20 December 2011versione stampabile

“Il Teatro Coppola è un bene comune e per questo va salvato dal degrado e ridonato alla città”. Questa la filosofia di chi ha deciso, venerdì 16 dicembre, di occupare e autogestire lo storico teatro catanese, da anni abbandonato. Dietro al gesto, personalità variegate e fuori da ogni logica di partito, uniti solo dalla voglia di riappropiarsi di spazi preziosi dove crescere e costruire.

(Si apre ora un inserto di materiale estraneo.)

text \<open>(H1): H^1(H, Pic) = 0 for all subgroups H of G.  The paper's product gh
  (first g, then h) is the composition h \<circ> g; Phi is a homomorphism for it, so a
  crossed homomorphism satisfies a(gh) = a(g) + Phi(g) a(h).\<close>
definition H1_condition :: "nat \<Rightarrow> (int \<Rightarrow> int) set \<Rightarrow> bool" where
  "H1_condition n G \<longleftrightarrow>
     (\<forall>H. H \<subseteq> G \<and> group_of_funs H \<longrightarrow>
        (\<forall>a :: (int \<Rightarrow> int) \<Rightarrow> (int \<Rightarrow> int).
           (\<forall>g\<in>H. a g \<in> Pic n) \<and>
           (\<forall>g\<in>H. \<forall>h\<in>H. a (h \<circ> g) = (\<lambda>i. a g i + Phi n g (a h) i))
           \<longrightarrow> (\<exists>m\<in>Pic n. \<forall>g\<in>H. a g = (\<lambda>i. Phi n g m i - m i))))"

definition l0 :: "int \<Rightarrow> int" where
  "l0 = (\<lambda>i. if i = 0 then 1 else 0)"

definition Kcan :: "nat \<Rightarrow> int \<Rightarrow> int" where
  "Kcan n = (\<lambda>i. if i = -1 \<or> i = 0 then -2 else if 1 \<le> i \<and> i \<le> int n then 1 else 0)"

definition relatively_minimal :: "nat \<Rightarrow> (int \<Rightarrow> int) set \<Rightarrow> bool" where
  "relatively_minimal n G \<longleftrightarrow>
     {x \<in> Pic n. \<forall>g\<in>G. Phi n g x = x} = {(\<lambda>i. a * l0 i + b * Kcan n i) | a b. True}"

text \<open>Combinatorial consequence of k-minimality stated in the paper: for each j,
  j+ and j- lie in the same G-orbit.\<close>
definition minimality_condition :: "nat \<Rightarrow> (int \<Rightarrow> int) set \<Rightarrow> bool" where
  "minimality_condition n G \<longleftrightarrow> (\<forall>j \<in> {1 .. int n}. \<exists>g\<in>G. g j = - j)"

definition tau_cycle :: "(int \<Rightarrow> int) \<Rightarrow> int \<Rightarrow> int set" where
  "tau_cycle g j = {(pr g ^^ k) j | k. True}"

definition g_O :: "int set \<Rightarrow> (int \<Rightarrow> int) \<Rightarrow> (int \<Rightarrow> int)" where
  "g_O Orb g = (\<lambda>x. if tau_cycle g \<bar>x\<bar> \<subseteq> Orb then g x else x)"

definition P_O :: "nat \<Rightarrow> (int \<Rightarrow> int) \<Rightarrow> (int \<Rightarrow> int)" where
  "P_O n' g = (let h = g_O {1 .. int n'} g in
                 if sp_sigma h = -1 then c (int n' + 1) \<circ> h else h)"

end

theory Submission
  imports Defs
begin

text \<open>Since O is a pr(G)-orbit, every g \<in> G permutes the symbols j+, j- with j \<in> O among
  themselves. Hence the cycles of pr(g) lying in O are exactly those meeting O, and g_O is
  just g restricted to these symbols; restriction to an invariant set is multiplicative.
  The sign sigma is a character of the signed permutation group, and c_{n'+1} commutes with
  every signed permutation supported on 1..n', so correcting the odd restrictions by c_{n'+1}
  is a homomorphism into W(D_{n'+1}); its image is therefore a group.\<close>

definition signed_perm :: "(int \<Rightarrow> int) \<Rightarrow> bool" where
  "signed_perm f \<longleftrightarrow> bij f \<and> (\<forall>x. f (- x) = - f x)"

lemma signed_perm_odd: "signed_perm f \<Longrightarrow> f (- x) = - f x"
  by (simp add: signed_perm_def)

lemma signed_perm_zero: "signed_perm f \<Longrightarrow> f 0 = 0"
  using signed_perm_odd[of f 0] by simp

lemma signed_perm_nonzero: "signed_perm f \<Longrightarrow> x \<noteq> 0 \<Longrightarrow> f x \<noteq> 0"
  by (metis bij_is_inj injD signed_perm_def signed_perm_zero)

lemma signed_perm_comp: "signed_perm f \<Longrightarrow> signed_perm h \<Longrightarrow> signed_perm (f \<circ> h)"
  by (simp add: signed_perm_def bij_comp)

lemma W_B_iff: "f \<in> W_B m \<longleftrightarrow> signed_perm f \<and> (\<forall>x. int m < \<bar>x\<bar> \<longrightarrow> f x = x)"
proof -
  have "x \<notin> {- int m .. int m} \<longleftrightarrow> int m < \<bar>x\<bar>" for x
    by auto
  then show ?thesis
    unfolding W_B_def signed_perm_def by auto
qed

lemma W_B_comp: "f \<in> W_B m \<Longrightarrow> h \<in> W_B m \<Longrightarrow> f \<circ> h \<in> W_B m"
  by (simp add: W_B_iff signed_perm_comp)

lemma W_B_mono: "m \<le> m' \<Longrightarrow> W_B m \<subseteq> W_B m'"
  by (auto simp: W_B_iff)

lemma finite_neg_set_W_B:
  assumes "f \<in> W_B m"
  shows "finite (neg_set f)"
proof -
  have "neg_set f \<subseteq> {1 .. int m}"
  proof
    fix j assume "j \<in> neg_set f"
    then have "0 < j" "f j < 0"
      by (auto simp: neg_set_def)
    moreover have "f j = j" if "int m < j"
      using assms that \<open>0 < j\<close> by (auto simp: W_B_iff)
    ultimately show "j \<in> {1 .. int m}"
      by force
  qed
  then show ?thesis
    using finite_subset by blast
qed

lemma neg_one_power_card_sym_diff:
  assumes "finite A" "finite B"
  shows "(-1::int) ^ card (sym_diff A B) = (-1) ^ card A * (-1) ^ card B"
proof -
  have "card A = card (A \<inter> B) + card (A - B)" "card B = card (A \<inter> B) + card (B - A)"
    using assms card_Int_Diff[of A B] card_Int_Diff[of B A] by (auto simp: Int_commute)
  moreover have "card (sym_diff A B) = card (A - B) + card (B - A)"
    using assms by (intro card_Un_disjoint) auto
  ultimately have "card A + card B = card (sym_diff A B) + 2 * card (A \<inter> B)"
    by simp
  then have "(-1::int) ^ card A * (-1) ^ card B
      = (-1) ^ (card (sym_diff A B) + 2 * card (A \<inter> B))"
    by (simp flip: power_add)
  then show ?thesis
    by (simp add: power_add power_mult)
qed

lemma neg_set_comp:
  assumes "signed_perm f" "signed_perm h"
  shows "neg_set (f \<circ> h) = sym_diff (neg_set h) {j. 0 < j \<and> \<bar>h j\<bar> \<in> neg_set f}"
proof (rule set_eqI)
  fix j :: int
  show "j \<in> neg_set (f \<circ> h) \<longleftrightarrow> j \<in> sym_diff (neg_set h) {j. 0 < j \<and> \<bar>h j\<bar> \<in> neg_set f}"
  proof (cases "0 < j")
    case True
    then have "h j \<noteq> 0" "f (h j) \<noteq> 0" "f (- h j) = - f (h j)"
      using assms signed_perm_nonzero signed_perm_odd by auto
    then show ?thesis
      using True by (cases "0 < h j") (auto simp: neg_set_def)
  qed (simp add: neg_set_def)
qed

lemma bij_betw_abs_preimage:
  assumes "signed_perm h" "B \<subseteq> {0<..}"
  shows "bij_betw (\<lambda>j. \<bar>h j\<bar>) {j. 0 < j \<and> \<bar>h j\<bar> \<in> B} B"
proof (rule bij_betwI')
  fix x y assume "x \<in> {j. 0 < j \<and> \<bar>h j\<bar> \<in> B}" "y \<in> {j. 0 < j \<and> \<bar>h j\<bar> \<in> B}"
  then have "0 < x" "0 < y"
    by auto
  have "inj h"
    using assms(1) by (simp add: signed_perm_def bij_is_inj)
  show "(\<bar>h x\<bar> = \<bar>h y\<bar>) = (x = y)"
  proof
    assume "\<bar>h x\<bar> = \<bar>h y\<bar>"
    then have "h x = h y \<or> h x = h (- y)"
      using assms(1) by (auto simp: signed_perm_odd abs_eq_iff)
    then have "x = y \<or> x = - y"
      using \<open>inj h\<close> by (auto dest: injD)
    then show "x = y"
      using \<open>0 < x\<close> \<open>0 < y\<close> by auto
  qed simp
next
  fix b assume b: "b \<in> B"
  then obtain y where y: "h y = b"
    using assms(1) by (metis bij_pointE signed_perm_def)
  then have "y \<noteq> 0"
    using b assms signed_perm_zero by force
  then show "\<exists>x \<in> {j. 0 < j \<and> \<bar>h j\<bar> \<in> B}. b = \<bar>h x\<bar>"
    using y b assms by (intro bexI[of _ "\<bar>y\<bar>"]) (auto simp: abs_if signed_perm_odd)
qed auto

lemma sp_sigma_comp:
  assumes "signed_perm f" "signed_perm h" "finite (neg_set f)" "finite (neg_set h)"
  shows "sp_sigma (f \<circ> h) = sp_sigma f * sp_sigma h"
proof -
  define T where "T = {j. 0 < j \<and> \<bar>h j\<bar> \<in> neg_set f}"
  have "bij_betw (\<lambda>j. \<bar>h j\<bar>) T (neg_set f)"
    unfolding T_def using assms(2) by (rule bij_betw_abs_preimage) (auto simp: neg_set_def)
  then have "finite T" "card T = card (neg_set f)"
    using assms(3) bij_betw_finite bij_betw_same_card by blast+
  then show ?thesis
    using neg_one_power_card_sym_diff[of "neg_set h" T] assms
    by (simp add: sp_sigma_def neg_set_comp T_def)
qed

lemma sp_sigma_comp_W_B:
  assumes "f \<in> W_B m" "h \<in> W_B m"
  shows "sp_sigma (f \<circ> h) = sp_sigma f * sp_sigma h"
  using assms by (intro sp_sigma_comp finite_neg_set_W_B) (auto simp: W_B_iff)

lemma sp_sigma_cases: "sp_sigma f = 1 \<or> sp_sigma f = -1"
  unfolding sp_sigma_def by (metis neg_one_even_power neg_one_odd_power)

lemma sp_sigma_id: "sp_sigma id = 1"
proof -
  have "neg_set id = {}"
    by (auto simp: neg_set_def)
  then show ?thesis
    by (simp add: sp_sigma_def)
qed

lemma c_c: "c j \<circ> c j = id"
  by (auto simp: c_def fun_eq_iff)

lemma bij_c: "bij (c j)"
  by (rule o_bij[OF c_c c_c])

lemma c_W_B: "0 < j \<Longrightarrow> j \<le> int m \<Longrightarrow> c j \<in> W_B m"
  unfolding W_B_iff signed_perm_def using bij_c[of j] by (auto simp: c_def)

lemma sp_sigma_c: "0 < j \<Longrightarrow> sp_sigma (c j) = -1"
proof -
  assume "0 < j"
  then have "neg_set (c j) = {j}"
    by (auto simp: neg_set_def c_def)
  then show ?thesis
    by (simp add: sp_sigma_def)
qed

lemma c_comm_W_B:
  assumes "f \<in> W_B m" "int m < j"
  shows "c j \<circ> f = f \<circ> c j"
proof
  fix x
  have fix_pm: "f j = j" "f (- j) = - j"
    using assms by (auto simp: W_B_iff)
  have "inj f"
    using assms(1) by (simp add: W_B_iff signed_perm_def bij_is_inj)
  then have "f x = j \<longleftrightarrow> x = j" "f x = - j \<longleftrightarrow> x = - j"
    using fix_pm by (metis injD)+
  then show "(c j \<circ> f) x = (f \<circ> c j) x"
    using fix_pm by (auto simp: c_def)
qed

definition W_D_lift :: "int \<Rightarrow> (int \<Rightarrow> int) \<Rightarrow> int \<Rightarrow> int" where
  "W_D_lift j f = (if sp_sigma f = -1 then c j \<circ> f else f)"

lemma W_D_lift_W_D:
  assumes "f \<in> W_B m"
  shows "W_D_lift (int m + 1) f \<in> W_D (Suc m)"
proof (cases "sp_sigma f = -1")
  case True
  have f: "f \<in> W_B (Suc m)"
    using assms W_B_mono[of m "Suc m"] by auto
  moreover have c: "c (int m + 1) \<in> W_B (Suc m)"
    by (rule c_W_B) auto
  ultimately have "sp_sigma (c (int m + 1) \<circ> f) = 1"
    using True sp_sigma_comp_W_B sp_sigma_c[of "int m + 1"] by simp
  then show ?thesis
    using True W_B_comp[OF c f] by (simp add: W_D_lift_def W_D_def)
next
  case False
  then show ?thesis
    using assms W_B_mono[of m "Suc m"] sp_sigma_cases[of f]
    by (auto simp: W_D_lift_def W_D_def)
qed

lemma W_D_lift_comp:
  assumes f: "f \<in> W_B m" and h: "h \<in> W_B m" and "int m < j"
  shows "W_D_lift j (f \<circ> h) = W_D_lift j f \<circ> W_D_lift j h"
proof -
  have sigma: "sp_sigma (f \<circ> h) = sp_sigma f * sp_sigma h"
    using f h by (rule sp_sigma_comp_W_B)
  have comm: "c j (f x) = f (c j x)" and cc: "c j (c j x) = x" for x
    using c_comm_W_B[OF f \<open>int m < j\<close>] c_c[of j] by (metis comp_apply id_apply)+
  have "c j \<circ> f \<circ> (c j \<circ> h) = f \<circ> h" "c j \<circ> f \<circ> h = c j \<circ> (f \<circ> h)"
    "f \<circ> (c j \<circ> h) = c j \<circ> (f \<circ> h)"
    by (simp_all add: fun_eq_iff comm cc)
  then show ?thesis
    using sigma sp_sigma_cases[of f] sp_sigma_cases[of h] by (auto simp: W_D_lift_def)
qed

definition abs_stable :: "int set \<Rightarrow> (int \<Rightarrow> int) \<Rightarrow> bool" where
  "abs_stable Orb g \<longleftrightarrow> (\<forall>x. \<bar>x\<bar> \<in> Orb \<longrightarrow> \<bar>g x\<bar> \<in> Orb)"

definition signed_restrict :: "int set \<Rightarrow> (int \<Rightarrow> int) \<Rightarrow> int \<Rightarrow> int" where
  "signed_restrict Orb g = (\<lambda>x. if \<bar>x\<bar> \<in> Orb then g x else x)"

lemma abs_stable_orbit:
  assumes G: "group_of_funs G" "\<forall>g\<in>G. signed_perm g" and "h \<in> G"
  shows "abs_stable {pr g j | g. g \<in> G} h"
  unfolding abs_stable_def
proof (intro allI impI)
  fix x assume "\<bar>x\<bar> \<in> {pr g j | g. g \<in> G}"
  then obtain k where k: "k \<in> G" "\<bar>x\<bar> = \<bar>k j\<bar>"
    by (auto simp: pr_def)
  then have "x = k j \<or> x = - k j"
    by arith
  then have "\<bar>h x\<bar> = pr (h \<circ> k) j"
    using G(2) \<open>h \<in> G\<close> by (auto simp: pr_def signed_perm_odd)
  moreover have "h \<circ> k \<in> G"
    using G(1) \<open>h \<in> G\<close> k(1) by (simp add: group_of_funs_def)
  ultimately show "\<bar>h x\<bar> \<in> {pr g j | g. g \<in> G}"
    by blast
qed

lemma tau_cycle_subset_iff:
  assumes "abs_stable Orb g" "Orb \<subseteq> {0..}"
  shows "tau_cycle g \<bar>x\<bar> \<subseteq> Orb \<longleftrightarrow> \<bar>x\<bar> \<in> Orb"
proof
  have "\<bar>x\<bar> = (pr g ^^ 0) \<bar>x\<bar>"
    by simp
  then show "tau_cycle g \<bar>x\<bar> \<subseteq> Orb \<Longrightarrow> \<bar>x\<bar> \<in> Orb"
    unfolding tau_cycle_def by blast
next
  assume x: "\<bar>x\<bar> \<in> Orb"
  have "(pr g ^^ k) \<bar>x\<bar> \<in> Orb" for k
  proof (induction k)
    case (Suc k)
    then have "\<bar>(pr g ^^ k) \<bar>x\<bar>\<bar> \<in> Orb"
      using assms(2) by force
    then show ?case
      using assms(1) by (simp add: abs_stable_def pr_def)
  qed (simp add: x)
  then show "tau_cycle g \<bar>x\<bar> \<subseteq> Orb"
    unfolding tau_cycle_def by blast
qed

La protesta si inserisce in un movimento di iniziative analoghe che ha già interessato altre parti d’Italia, a partire dal teatro Valle di Roma, fino al teatro Marinoni di Venezia: una rete che si sostiene vicendevolmente in nome della cultura.

E in Sicilia la cultura dovrebbe partire da politiche di sviluppo adeguate che fermino l’emigrazione necessaria e la fuga dei talenti. Occupare il teatro è dunque speranza di riscatto e rappresentazione pratica del concetto di cittadinanza attiva.

One Response to Catania, occupato il teatro Coppola: “Bene comune, va salvato”

  1. Rosario Asprino

    22 December 2011 at 11:06

    Molto contento di leggere una notizia del genere.
    Molto contento di leggere una notizia del genere provenire dalla Sicilia.
    Molto contento di leggere una notizia dove le parole Sicilia e difesa della cultura vanno finalmente insieme.
    Grazie alla redazione. Continuate cosi.